According to AFA, the experienced adviser pathway should apply to advisers with 10 years’ experience (across the last 15 years) as at 1 January 2022, who had a clean record, but it should be subject to a 10-year sunset clause.

Speaking to ifa, AFA CEO Phil Anderson said: “We continue to support this position, which we believe provides a good balance between the professional objectives of the advice profession and the need to retain experienced quality advisers”.

However, speaking on a recent ifa podcast, Eugene Ardino, CEO of Lifespan Financial Planning, offered another perspective.

Stressing that he does not agree that the proposed pathway could be a blemish on the industry, Mr Ardino said, “there are many things that make a professional”.

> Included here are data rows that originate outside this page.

(* Fix $\mu\in(0,1)$, $j\in\{2,3\}$, $T^*>0$ and relatively prime positive integers $a,b$ with $aT^*=b\pi$. Let $\mathbf{X}^*=(x^*,y^*,z^*,x^{*\prime},y^{*\prime},z^{*\prime})$ be a $T^*$-periodic function $\mathbb{R}\to\mathbb{R}^6$, with $\mathbf{r}^*=(x^*,y^*,z^* )$ of class $C^1$ avoiding $(-\mu,0,0)$ and $(1-\mu,0,0)$. Let $s\in\mathbb{R}$ satisfy the half-period symmetry conditions: for all $\tau\in[0,T^*/2]$, $$x^*(s+T^*-\tau)=x^*(s+\tau),\quad x^{*\prime}(s+T^*-\tau)=-x^{*\prime}(s+\tau),$$ $$y^*(s+T^*-\tau)=-y^*(s+\tau),\quad y^{*\prime}(s+T^*-\tau)=y^{*\prime}(s+\tau),$$ $$z^*(s+T^*-\tau)\,z^{*\prime}(s+T^*-\tau)=-z^*(s+\tau)\,z^{*\prime}(s+\tau).$$ Let $\mathcal{M}(s,\tau_0)=\int_0^{aT^*}\mathbf{h}_j(\mathbf{X}^*(s+\tau),\tau_0+\tau)\cdot\mathbf{r}^{*\prime}(s+\tau)\,d\tau$. Then for every $\tau_0\in\mathbb{R}$, $$\mathcal{M}(s,\tau_0)=2AB,\qquad A=\begin{cases}\sin(2\tau_0),& a=1,\\ 0,&a>1,\end{cases}$$ $$B=\int_0^{T^*/2}\Big(K_j\big(\mathbf{X}^*(s+\tau)\big)\cos(2\tau)-J_j\big(\mathbf{X}^*(s+\tau)\big)\sin(2\tau)\Big)\,d\tau.$$ In particular, if $a>1$ then $\mathcal{M}(s',\tau_0)=0$ for all $s',\tau_0$, and if $a=1$ then $\mathcal{M}(s,\tau_0)=0$ whenever $\tau_0\in\frac{\pi}{2}\mathbb{Z}$.
   Context: For $\mathbf{r}=(x,y,z)$ write $\mathbf{R}_{1-\mu}=(x+\mu,y,z)$, $\mathbf{R}_\mu=(x-1+\mu,y,z)$, $R_{1-\mu}=|\mathbf{R}_{1-\mu}|$, $R_\mu=|\mathbf{R}_\mu|$, and $P(\mathbf{r})=\big(\frac{1-\mu}{R_{1-\mu}^3}-\frac{\mu}{R_\mu^3}\big)I_3-\frac{3}{R_{1-\mu}^5}\mathbf{R}_{1-\mu}\mathbf{R}_{1-\mu}^T+\frac{3}{R_\mu^5}\mathbf{R}_\mu\mathbf{R}_\mu^T$. For $\mathbf{X}=(\mathbf{r},\mathbf{r}')$, $\mathbf{r}'=(x',y',z')$: $\mathbf{h}_2(\mathbf{X},\alpha)=-\frac32\begin{bmatrix}-\cos2\alpha&\sin2\alpha&0\\ \sin2\alpha&\cos2\alpha&0\\0&0&2/3\end{bmatrix}\mathbf{r}-\frac18(1-\mu)\mu P(\mathbf{r})(-8\cos2\alpha,11\sin2\alpha,0)^T$, and $\mathbf{h}_3(\mathbf{X},\alpha)=-\frac1{12}(1-\mu)\mu P(\mathbf{r})(-38\cos2\alpha,59\sin2\alpha,0)^T$. With $\mathbf{e}_1=(1,0,0)^T$, $\mathbf{e}_2=(0,1,0)^T$, define $J_2(\mathbf{X})=\tfrac32(xx'-yy')+(1-\mu)\mu\,(P(\mathbf{r})\mathbf{e}_1)\cdot\mathbf{r}'$, $K_2(\mathbf{X})=-\tfrac32(yx'+xy')-\tfrac{11}{8}(1-\mu)\mu\,(P(\mathbf{r})\mathbf{e}_2)\cdot\mathbf{r}'$, $J_3(\mathbf{X})=\tfrac{38}{12}(1-\mu)\mu\,(P(\mathbf{r})\mathbf{e}_1)\cdot\mathbf{r}'$, $K_3(\mathbf{X})=-\tfrac{59}{12}(1-\mu)\mu\,(P(\mathbf{r})\mathbf{e}_2)\cdot\mathbf{r}'$, so that $\mathbf{h}_2(\mathbf{X},\alpha)\cdot\mathbf{r}'=J_2\cos2\alpha+K_2\sin2\alpha-zz'$ and $\mathbf{h}_3(\mathbf{X},\alpha)\cdot\mathbf{r}'=J_3\cos2\alpha+K_3\sin2\alpha$. These are the leading-order Melnikov perturbation terms of the Hill Restricted 4-Body Problem (forcing period $\pi$). *)

theory Defs
  imports "HOL-Analysis.Analysis"
begin

text \<open>Hill Restricted 4-Body Problem: leading-order Melnikov perturbation terms.
  Points of R^3 are \<open>real^3\<close>, a phase point X = (r, r') is a pair.\<close>

definition Rone :: "real \<Rightarrow> real^3 \<Rightarrow> real^3" where
  "Rone \<mu> r = vector [r$1 + \<mu>, r$2, r$3]"

definition Rmu :: "real \<Rightarrow> real^3 \<Rightarrow> real^3" where
  "Rmu \<mu> r = vector [r$1 - 1 + \<mu>, r$2, r$3]"

definition Pmat :: "real \<Rightarrow> real^3 \<Rightarrow> real^3^3" where
  "Pmat \<mu> r =
     ((1 - \<mu>) / norm (Rone \<mu> r) ^ 3 - \<mu> / norm (Rmu \<mu> r) ^ 3) *\<^sub>R mat 1
     - (3 / norm (Rone \<mu> r) ^ 5) *\<^sub>R (\<chi> i k. (Rone \<mu> r)$i * (Rone \<mu> r)$k)
     + (3 / norm (Rmu \<mu> r) ^ 5) *\<^sub>R (\<chi> i k. (Rmu \<mu> r)$i * (Rmu \<mu> r)$k)"

definition e1 :: "real^3" where "e1 = vector [1, 0, 0]"
definition e2 :: "real^3" where "e2 = vector [0, 1, 0]"

definition h2 :: "real \<Rightarrow> (real^3) \<times> (real^3) \<Rightarrow> real \<Rightarrow> real^3" where
  "h2 \<mu> X \<alpha> =
     - (3/2) *\<^sub>R ((vector [vector [- cos (2*\<alpha>), sin (2*\<alpha>), 0],
                           vector [sin (2*\<alpha>), cos (2*\<alpha>), 0],
                           vector [0, 0, 2/3]] :: real^3^3) *v fst X)
     - ((1/8) * (1 - \<mu>) * \<mu>) *\<^sub>R
         (Pmat \<mu> (fst X) *v vector [- 8 * cos (2*\<alpha>), 11 * sin (2*\<alpha>), 0])"

definition h3 :: "real \<Rightarrow> (real^3) \<times> (real^3) \<Rightarrow> real \<Rightarrow> real^3" where
  "h3 \<mu> X \<alpha> =
     - ((1/12) * (1 - \<mu>) * \<mu>) *\<^sub>R
         (Pmat \<mu> (fst X) *v vector [- 38 * cos (2*\<alpha>), 59 * sin (2*\<alpha>), 0])"

definition J2 :: "real \<Rightarrow> (real^3) \<times> (real^3) \<Rightarrow> real" where
  "J2 \<mu> X = (let r = fst X; v = snd X in
     (3/2) * (r$1 * v$1 - r$2 * v$2) + (1 - \<mu>) * \<mu> * ((Pmat \<mu> r *v e1) \<bullet> v))"

definition K2 :: "real \<Rightarrow> (real^3) \<times> (real^3) \<Rightarrow> real" where
  "K2 \<mu> X = (let r = fst X; v = snd X in
     - (3/2) * (r$2 * v$1 + r$1 * v$2) - (11/8) * (1 - \<mu>) * \<mu> * ((Pmat \<mu> r *v e2) \<bullet> v))"

definition J3 :: "real \<Rightarrow> (real^3) \<times> (real^3) \<Rightarrow> real" where
  "J3 \<mu> X = (38/12) * (1 - \<mu>) * \<mu> * ((Pmat \<mu> (fst X) *v e1) \<bullet> snd X)"

definition K3 :: "real \<Rightarrow> (real^3) \<times> (real^3) \<Rightarrow> real" where
  "K3 \<mu> X = - (59/12) * (1 - \<mu>) * \<mu> * ((Pmat \<mu> (fst X) *v e2) \<bullet> snd X)"

definition hj :: "nat \<Rightarrow> real \<Rightarrow> (real^3) \<times> (real^3) \<Rightarrow> real \<Rightarrow> real^3" where
  "hj j \<mu> X \<alpha> = (if j = 2 then h2 \<mu> X \<alpha> else h3 \<mu> X \<alpha>)"
definition Jj :: "nat \<Rightarrow> real \<Rightarrow> (real^3) \<times> (real^3) \<Rightarrow> real" where
  "Jj j \<mu> X = (if j = 2 then J2 \<mu> X else J3 \<mu> X)"
definition Kj :: "nat \<Rightarrow> real \<Rightarrow> (real^3) \<times> (real^3) \<Rightarrow> real" where
  "Kj j \<mu> X = (if j = 2 then K2 \<mu> X else K3 \<mu> X)"

text \<open>Melnikov function M(s, tau0) along the orbit t \<mapsto> (r t, v t), v = r'.\<close>
definition melnikov ::
  "nat \<Rightarrow> real \<Rightarrow> (real \<Rightarrow> real^3) \<Rightarrow> (real \<Rightarrow> real^3) \<Rightarrow> real \<Rightarrow> real \<Rightarrow> real \<Rightarrow> real" where
  "melnikov j \<mu> r v L s \<tau>0 =
     integral {0..L} (\<lambda>\<tau>. hj j \<mu> (r (s + \<tau>), v (s + \<tau>)) (\<tau>0 + \<tau>) \<bullet> v (s + \<tau>))"

end

theory Submission
  imports Defs
begin

text \<open>Along the orbit \<open>h\<^sub>j \<cdot> r' = J cos 2\<alpha> + K sin 2\<alpha> - [j = 2] z z'\<close>, and \<open>z z' = (z\<^sup>2/2)'\<close>
  integrates to zero over whole periods. Each period contributes \<open>cos(\<phi>) C + sin(\<phi>) S\<close> to the
  integral of \<open>J cos(\<phi> + 2\<tau>) + K sin(\<phi> + 2\<tau>)\<close>, the phase \<open>\<phi>\<close> advancing by \<open>2T\<close> from one period
  to the next. If \<open>a > 1\<close>, then \<open>exp(2iT)\<close> is a nontrivial \<open>a\<close>-th root of unity because
  \<open>gcd(a, b) = 1\<close>, so the \<open>a\<close> contributions cancel. If \<open>a = 1\<close>, then \<open>T\<close> is a multiple of \<open>\<pi>\<close>,
  and the reflection \<open>\<tau> \<mapsto> T - \<tau>\<close> makes \<open>J\<close> odd and \<open>K\<close> even (\<open>z\<^sup>2\<close> is symmetric since \<open>z z'\<close>
  is antisymmetric); this folds the integral over \<open>[0, T]\<close> onto \<open>[0, T/2]\<close> and kills \<open>C\<close>.\<close>

subsection \<open>Integrals of periodic functions against \<open>cos(\<phi> + 2\<tau>)\<close> and \<open>sin(\<phi> + 2\<tau>)\<close>\<close>

lemma periodic_add_nat_multiple:
  assumes "\<And>t. f (t + T) = f t"
  shows "f (t + real n * T) = f t"
proof (induction n)
  case (Suc n)
  have "f (t + real (Suc n) * T) = f ((t + real n * T) + T)"
    by (simp add: algebra_simps)
  with Suc show ?case
    by (simp add: assms)
qed simp

lemma integrable_on_interval_if_continuous_on_UNIV:
  fixes f :: "real \<Rightarrow> 'a::banach"
  shows "continuous_on UNIV f \<Longrightarrow> f integrable_on {a..b}"
  by (simp add: continuous_on_subset integrable_continuous_interval)

lemma continuous_on_UNIV_shift:
  fixes f :: "real \<Rightarrow> 'a::topological_space"
  shows "continuous_on UNIV f \<Longrightarrow> continuous_on UNIV (\<lambda>\<tau>. f (s + \<tau>))"
  by (rule continuous_on_compose2) (auto intro: continuous_intros)

lemma integral_derivative_periodic_eq_0:
  fixes f f' :: "real \<Rightarrow> real"
  assumes f': "\<And>t. (f has_real_derivative f' t) (at t)"
    and per: "f (s + L) = f s" and L: "0 \<le> L"
  shows "integral {0..L} (\<lambda>\<tau>. f' (s + \<tau>)) = 0"
proof -
  have "((\<lambda>\<tau>. f' (s + \<tau>)) has_integral f (s + L) - f (s + 0)) {0..L}"
  proof (rule fundamental_theorem_of_calculus[OF L])
    fix x
    have "((\<lambda>\<tau>. f (s + \<tau>)) has_real_derivative f' (s + x) * 1) (at x)"
      by (rule DERIV_chain2[OF f']) (auto intro!: derivative_eq_intros)
    then show "((\<lambda>\<tau>. f (s + \<tau>)) has_vector_derivative f' (s + x)) (at x within {0..L})"
      using has_field_derivative_at_within has_real_derivative_iff_has_vector_derivative by fastforce
  qed
  with per show ?thesis
    by (simp add: integral_unique)
qed

lemma integral_cos_sin_phase:
  fixes J K :: "real \<Rightarrow> real"
  assumes J: "continuous_on UNIV J" and K: "continuous_on UNIV K"
  shows "integral {0..T} (\<lambda>\<tau>. J \<tau> * cos (\<phi> + 2*\<tau>) + K \<tau> * sin (\<phi> + 2*\<tau>))
     = cos \<phi> * integral {0..T} (\<lambda>\<tau>. J \<tau> * cos (2*\<tau>) + K \<tau> * sin (2*\<tau>))
     + sin \<phi> * integral {0..T} (\<lambda>\<tau>. K \<tau> * cos (2*\<tau>) - J \<tau> * sin (2*\<tau>))"
proof -
  have "(\<lambda>\<tau>. J \<tau> * cos (2*\<tau>) + K \<tau> * sin (2*\<tau>)) integrable_on {0..T}"
    "(\<lambda>\<tau>. K \<tau> * cos (2*\<tau>) - J \<tau> * sin (2*\<tau>)) integrable_on {0..T}"
    by (intro integrable_on_interval_if_continuous_on_UNIV
        continuous_intros J K)+
  moreover have "(\<lambda>\<tau>. J \<tau> * cos (\<phi> + 2*\<tau>) + K \<tau> * sin (\<phi> + 2*\<tau>)) =
      (\<lambda>\<tau>. cos \<phi> * (J \<tau> * cos (2*\<tau>) + K \<tau> * sin (2*\<tau>))
         + sin \<phi> * (K \<tau> * cos (2*\<tau>) - J \<tau> * sin (2*\<tau>)))"
    by (simp add: cos_add sin_add algebra_simps)
  ultimately show ?thesis
    by (simp add: Henstock_Kurzweil_Integration.integral_add integrable_on_mult_right)
qed

lemma integral_cos_sin_nat_multiple_period:
  fixes J K :: "real \<Rightarrow> real"
  assumes J: "continuous_on UNIV J" and K: "continuous_on UNIV K" and T: "T > 0"
    and perJ: "\<And>t. J (t + T) = J t" and perK: "\<And>t. K (t + T) = K t"
  shows "integral {0..real n * T} (\<lambda>\<tau>. J \<tau> * cos (\<phi> + 2*\<tau>) + K \<tau> * sin (\<phi> + 2*\<tau>))
     = (\<Sum>k<n. cos (\<phi> + real k * (2*T))) * integral {0..T} (\<lambda>\<tau>. J \<tau> * cos (2*\<tau>) + K \<tau> * sin (2*\<tau>))
     + (\<Sum>k<n. sin (\<phi> + real k * (2*T))) * integral {0..T} (\<lambda>\<tau>. K \<tau> * cos (2*\<tau>) - J \<tau> * sin (2*\<tau>))"
proof (induction n)
  case (Suc n)
  let ?F = "\<lambda>\<tau>. J \<tau> * cos (\<phi> + 2*\<tau>) + K \<tau> * sin (\<phi> + 2*\<tau>)"
  let ?\<psi> = "\<phi> + real n * (2*T)"
  have "?F integrable_on {0..real (Suc n) * T}"
    by (intro integrable_on_interval_if_continuous_on_UNIV
        continuous_intros J K)
  then have "integral {0..real (Suc n) * T} ?F
      = integral {0..real n * T} ?F + integral {real n * T..real (Suc n) * T} ?F"
    using Henstock_Kurzweil_Integration.integral_combine[of 0 "real n * T" "real (Suc n) * T" ?F] T
    by (simp add: mult_right_mono)
  also have "integral {real n * T..real (Suc n) * T} ?F = integral {0..T} (\<lambda>\<tau>. ?F (\<tau> + real n * T))"
    using integral_shift_real_ivl[of "real n * T" "real n * T" "real (Suc n) * T" ?F]
    by (simp add: algebra_simps)
  also have "(\<lambda>\<tau>. ?F (\<tau> + real n * T)) = (\<lambda>\<tau>. J \<tau> * cos (?\<psi> + 2*\<tau>) + K \<tau> * sin (?\<psi> + 2*\<tau>))"
    by (simp add: periodic_add_nat_multiple[of J, OF perJ] periodic_add_nat_multiple[of K, OF perK],
        simp add: algebra_simps)
  also have "integral {0..T} \<dots>
      = cos ?\<psi> * integral {0..T} (\<lambda>\<tau>. J \<tau> * cos (2*\<tau>) + K \<tau> * sin (2*\<tau>))
      + sin ?\<psi> * integral {0..T} (\<lambda>\<tau>. K \<tau> * cos (2*\<tau>) - J \<tau> * sin (2*\<tau>))"
    by (rule integral_cos_sin_phase[OF J K])
  finally show ?case
    using Suc by (simp add: distrib_right)
qed simp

Conceding that “you’ll potentially have advisers that don’t have a degree”, Mr Ardino said: “You’ll have a lot of advisers that have degrees, just not financial planning degrees, so they tick a degree box.”

“I think there are many things that make a profession. There are many things that make a person or a practitioner a professional. If a client wants an adviser with a financial planning degree, well, there’ll be plenty of them out there. So horses for courses,” he said.

“I don’t see that as a big deal, and I don’t see why we have to replicate all the other professions”.

Stressing that “we can build our own profession”, Mr Ardino highlighted the positive features of the experience pathway in the context of the great adviser exodus.

“Our profession is very different from others in many ways. We deal in opinions more than facts, I think, not just interpreting laws and often those opinions can be back-tested to see how good or how bad they work, which again, is not as common in other professions. It is really different, and it probably needs to cater to more types of advisers,” he opined.

“So no, I don’t think that’s a big deal and I think if it also means that we keep more advisers, we’re not going to have enough advisers to meet advice demands as it is even if no other adviser leaves, and we get 10 times the number of new advisers coming in.”

Ultimately, Mr Ardino said, a balance needs to be struck between ticking boxes and ensuring more Australians have access to advice.